**Exercise details:** Across the records below, count every line that contains the string "unfolding", then report the count alone.

**Data for this exercise:**
lemma countable_disjoint_joinsD:
  assumes "A \<in> Obj X" "B \<in> Obj X" "F \<subseteq> hom X A B" "countable F" "pairwise (disjoint X) F"
  shows "(\<exists>j. is_join X A B F j)
    \<and> (\<forall>j C D h k. is_join X A B F j \<and> C \<in> Obj X \<and> D \<in> Obj X
         \<and> h \<in> hom X C A \<and> k \<in> hom X B D \<longrightarrow>
         is_join X C D ((\<lambda>f. h \<cdot> f \<cdot> k) ` F) (h \<cdot> j \<cdot> k))"
  using countable_disjoint_joins assms unfolding has_countable_disjoint_joins_def pairwise_def
  by simp

lemma join_exists:
  "A \<in> Obj X \<Longrightarrow> B \<in> Obj X \<Longrightarrow> F \<subseteq> hom X A B \<Longrightarrow> countable F \<Longrightarrow> pairwise (disjoint X) F
   \<Longrightarrow> \<exists>j. is_join X A B F j"
  using countable_disjoint_joinsD by blast

lemma comp_join:
  assumes "F \<subseteq> hom X A B" "countable F" "pairwise (disjoint X) F" "is_join X A B F j"
    and "h \<in> hom X C A" "k \<in> hom X B D"
  shows "is_join X C D ((\<lambda>f. h \<cdot> f \<cdot> k) ` F) (h \<cdot> j \<cdot> k)"
proof -
  have "A \<in> Obj X" "B \<in> Obj X" "C \<in> Obj X" "D \<in> Obj X"
    using assms(5,6) unfolding hom_def by auto
  then show ?thesis using countable_disjoint_joinsD[OF _ _ assms(1-3)] assms(4-6) by blast
qed

lemma nowhere_defined_exists: "A \<in> Obj X \<Longrightarrow> B \<in> Obj X \<Longrightarrow> \<exists>z. nowhere_defined X A B z"
  unfolding nowhere_defined_iff_empty_join by (rule join_exists) auto

lemma nowhere_defined_comp:
  assumes "nowhere_defined X A B z" "h \<in> hom X C A" "k \<in> hom X B D"
  shows "nowhere_defined X C D (h \<cdot> z \<cdot> k)"
  using comp_join[of "{}" A B z h C k D] assms
  unfolding nowhere_defined_iff_empty_join by simp

lemma nowhere_defined_comp_right:
  assumes z: "nowhere_defined X A B z" and k: "k \<in> hom X B D"
  shows "nowhere_defined X A D (z \<cdot> k)"
proof -
  have "A \<in> Obj X" "z \<in> Arr X" "Dom X z = A" using nowhere_defined_type[OF z] by auto
  then show ?thesis
    using nowhere_defined_comp[OF z _ k, of "Id X A" A] by (simp add: hom_def comp_id_left)
qed

lemma nowhere_defined_comp_left:
  assumes z: "nowhere_defined X A B z" and h: "h \<in> hom X C A"
  shows "nowhere_defined X C B (h \<cdot> z)"
proof -
  have "B \<in> Obj X" "z \<in> Arr X" "Cod X z = B" using nowhere_defined_type[OF z] by auto
  moreover have "h \<in> Arr X" "Cod X h = A" using h unfolding hom_def by auto
  ultimately show ?thesis
    using nowhere_defined_comp[OF z h, of "Id X B" B] nowhere_defined_type[OF z]
    by (simp add: hom_def comp_id_right)
qed
(* Let $\mathsf{L}$ be a logic, $\mathcal{C}$ a class of $\mathsf{L}$-models, and $\Theta$ an $(\mathsf{L},\mathcal{C})$-pair (with, for each $M\in\mathcal{C}$, fixed functions $\mathsf{sem}^o_M$ witnessing the inductive property and a fixed set $\mathsf{SAT}_M$ as described in the context). Then the semantic enumeration procedure described in the context, run on a $\mathcal{C}$-sample $\mathcal{S}=(\mathcal{P},\mathcal{N})$, accepts if and only if $\mathcal{S}$ is $\mathsf{L}$-separable; that is, it decides the passive learning problem $\mathsf{PvLn}(\mathsf{L},\mathcal{C})$.
   Context: A logic $\mathsf{L}$ is given by a syntax $(\mathcal{T},\mathcal{T}_f,\mathsf{Op},(\tau_o)_{o\in\mathsf{Op}},T)$: $\mathcal{T}$ a non-empty finite set of types, $\emptyset\neq\mathcal{T}_f\subseteq\mathcal{T}$ final types, $\mathsf{Op}=\mathsf{Op}_0\uplus\mathsf{Op}_1\uplus\mathsf{Op}_2$ operators of arity 0,1,2 with $\mathsf{Op}_0\ne\emptyset$, each $o$ with a type $\tau_o\in\mathcal{T}$ and sets $T(o,i)\subseteq\mathcal{T}$ of allowed argument types. Formulas of type $\tau$, $\mathsf{Fm}_{\mathsf{L}}(\tau)$, are built inductively: $o\in\mathsf{Op}_0$ has type $\tau_o$; $o(\varphi_1)$ (resp. $o(\varphi_1,\varphi_2)$) has type $\tau_o$ when each $\varphi_i$ has a type in $T(o,i)$. $\mathsf{Fm}_{\mathsf{L}}(X)=\bigcup_{\tau\in X}\mathsf{Fm}_{\mathsf{L}}(\tau)$; final formulas are $\mathsf{Fm}^f_{\mathsf{L}}=\mathsf{Fm}_{\mathsf{L}}(\mathcal{T}_f)$. An $\mathsf{L}$-model $M$ has a satisfaction relation $M\models\varphi$ for final formulas; a class of $\mathsf{L}$-models is a set of them. A $\mathcal{C}$-sample is a pair $(\mathcal{P},\mathcal{N})$ of finite subsets of $\mathcal{C}$; it is $\mathsf{L}$-separable if some final formula $\varphi$ has $M\models\varphi$ for all $M\in\mathcal{P}$ and $M\not\models\varphi$ for all $M\in\mathcal{N}$. $\mathsf{PvLn}(\mathsf{L},\mathcal{C})$: given a $\mathcal{C}$-sample, decide whether it is $\mathsf{L}$-separable. An $(\mathsf{L},M)$-pair $(\mathsf{SEM}_M,\mathsf{sem}_M)$: a finite set $\mathsf{SEM}_M=\bigcup_\tau\mathsf{SEM}_M(\tau)$ (pairwise disjoint parts) and $\mathsf{sem}_M:\mathsf{Fm}_{\mathsf{L}}\to\mathsf{SEM}_M$ mapping type-$\tau$ formulas into $\mathsf{SEM}_M(\tau)$; $\mathsf{SEM}_M(X)=\bigcup_{\tau\in X}\mathsf{SEM}_M(\tau)$. It captures the $\mathsf{L}$-semantics if for all $\tau$ and all final $\varphi,\varphi'$ of type $\tau$ with $\mathsf{sem}_M(\varphi)=\mathsf{sem}_M(\varphi')$ we have $M\models\varphi$ iff $M\models\varphi'$; in that case fix a subset $\mathsf{SAT}_M\subseteq\mathsf{SEM}_M$ such that for every final $\varphi$, $M\models\varphi$ iff $\mathsf{sem}_M(\varphi)\in\mathsf{SAT}_M$. It satisfies the inductive property if for each $o\in\mathsf{Op}_1$ there is $\mathsf{sem}^o_M:\mathsf{SEM}_M(T(o,1))\to\mathsf{SEM}_M(\tau_o)$ with $\mathsf{sem}_M(o(\varphi_1))=\mathsf{sem}^o_M(\mathsf{sem}_M(\varphi_1))$ for all $\varphi_1\in\mathsf{Fm}_{\mathsf{L}}(T(o,1))$, and for each $o\in\mathsf{Op}_2$ there is $\mathsf{sem}^o_M:\mathsf{SEM}_M(T(o,1))\times\mathsf{SEM}_M(T(o,2))\to\mathsf{SEM}_M(\tau_o)$ with $\mathsf{sem}_M(o(\varphi_1,\varphi_2))=\mathsf{sem}^o_M(\mathsf{sem}_M(\varphi_1),\mathsf{sem}_M(\varphi_2))$; fix such functions. An $(\mathsf{L},\mathcal{C})$-pair is a family $(\Theta_M)_{M\in\mathcal{C}}$ of $(\mathsf{L},M)$-pairs each capturing the $\mathsf{L}$-semantics and satisfying the inductive property. The procedure on input $\mathcal{S}=(\mathcal{P},\mathcal{N})$ (with $\mathcal{S}$ identified with $\mathcal{P}\cup\mathcal{N}$): start with the set $R$ of pairs $((\mathsf{sem}_M(o))_{M\in\mathcal{S}},\tau_o)$ for $o\in\mathsf{Op}_0$; repeatedly, until $R$ no longer changes, add for every $o\in\mathsf{Op}_1$ and every $(X,\tau_1)\in R$ with $\tau_1\in T(o,1)$ the pair $((\mathsf{sem}^o_M(X[M]))_{M\in\mathcal{S}},\tau_o)$, and for every $o\in\mathsf{Op}_2$ and all $(X_1,\tau_1),(X_2,\tau_2)\in R$ with $\tau_i\in T(o,i)$ the pair $((\mathsf{sem}^o_M(X_1[M],X_2[M]))_{M\in\mathcal{S}},\tau_o)$. Finally, accept iff there is $(X,\tau)\in R$ with $\tau\in\mathcal{T}_f$, $X[M]\in\mathsf{SAT}_M$ for all $M\in\mathcal{P}$ and $X[M]\in\mathsf{SEM}_M\setminus\mathsf{SAT}_M$ for all $M\in\mathcal{N}$; otherwise reject. *)

theory Defs
  imports Main "HOL-Library.FuncSet"
begin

**Response to the task:** 5